■ **Prompt**
Of the lines below, reproduce exactly those from the line containing "(SUP p \<in>" to the end, including both the first and the last.

■ **Records to process**
definition v_fun :: "('m::finite, 'n::finite) bqtensor \<Rightarrow> ('m \<Rightarrow> real) \<Rightarrow> ('n \<Rightarrow> real) \<Rightarrow> real" where
  "v_fun A x y = Min ({bq_g A x y i / x i | i. x i > 0} \<union> {bq_h A x y j / y j | j. y j > 0})"

definition rho_star :: "('m::finite, 'n::finite) bqtensor \<Rightarrow> real" where
  "rho_star A = (SUP p \<in> sphere_plus \<times> sphere_plus. v_fun A (fst p) (snd p))"

end

theory Submission
  imports Defs "HOL-Analysis.Analysis"
begin

text \<open>Let f(x, y) be the biquadratic form of A and L its maximum over the product of unit spheres,
  attained by compactness. For nonnegative A, replacing x, y by their entrywise absolute values does not
  decrease f, so some maximiser (x, y) is nonnegative. Since f is quadratic in x for fixed y (and vice
  versa), a maximiser satisfies the Lagrange conditions g = L x and h = L y; hence L is an M-eigenvalue
  and v(x, y) = L. Conversely every M-eigenvalue equals f at its eigenvectors and so is bounded in
  absolute value by f at their absolute values, i.e. by L; and v(x, y) <= sum_i x_i g_i = f(x, y) <= L
  on the nonnegative spheres.\<close>

definition bq_multilin ::
  "('m::finite, 'n::finite) bqtensor \<Rightarrow> ('m \<Rightarrow> real) \<Rightarrow> ('n \<Rightarrow> real) \<Rightarrow> ('m \<Rightarrow> real) \<Rightarrow> ('n \<Rightarrow> real) \<Rightarrow> real"
  where "bq_multilin A u v w z =
    (\<Sum>i1\<in>UNIV. \<Sum>j1\<in>UNIV. \<Sum>i2\<in>UNIV. \<Sum>j2\<in>UNIV. A i1 j1 i2 j2 * u i1 * v j1 * w i2 * z j2)"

■ **Reply to the exercise**
  "rho_star A = (SUP p \<in> sphere_plus \<times> sphere_plus. v_fun A (fst p) (snd p))"

end

theory Submission
  imports Defs "HOL-Analysis.Analysis"
begin

text \<open>Let f(x, y) be the biquadratic form of A and L its maximum over the product of unit spheres,
  attained by compactness. For nonnegative A, replacing x, y by their entrywise absolute values does not
  decrease f, so some maximiser (x, y) is nonnegative. Since f is quadratic in x for fixed y (and vice
  versa), a maximiser satisfies the Lagrange conditions g = L x and h = L y; hence L is an M-eigenvalue
  and v(x, y) = L. Conversely every M-eigenvalue equals f at its eigenvectors and so is bounded in
  absolute value by f at their absolute values, i.e. by L; and v(x, y) <= sum_i x_i g_i = f(x, y) <= L
  on the nonnegative spheres.\<close>

definition bq_multilin ::
  "('m::finite, 'n::finite) bqtensor \<Rightarrow> ('m \<Rightarrow> real) \<Rightarrow> ('n \<Rightarrow> real) \<Rightarrow> ('m \<Rightarrow> real) \<Rightarrow> ('n \<Rightarrow> real) \<Rightarrow> real"
  where "bq_multilin A u v w z =
    (\<Sum>i1\<in>UNIV. \<Sum>j1\<in>UNIV. \<Sum>i2\<in>UNIV. \<Sum>j2\<in>UNIV. A i1 j1 i2 j2 * u i1 * v j1 * w i2 * z j2)"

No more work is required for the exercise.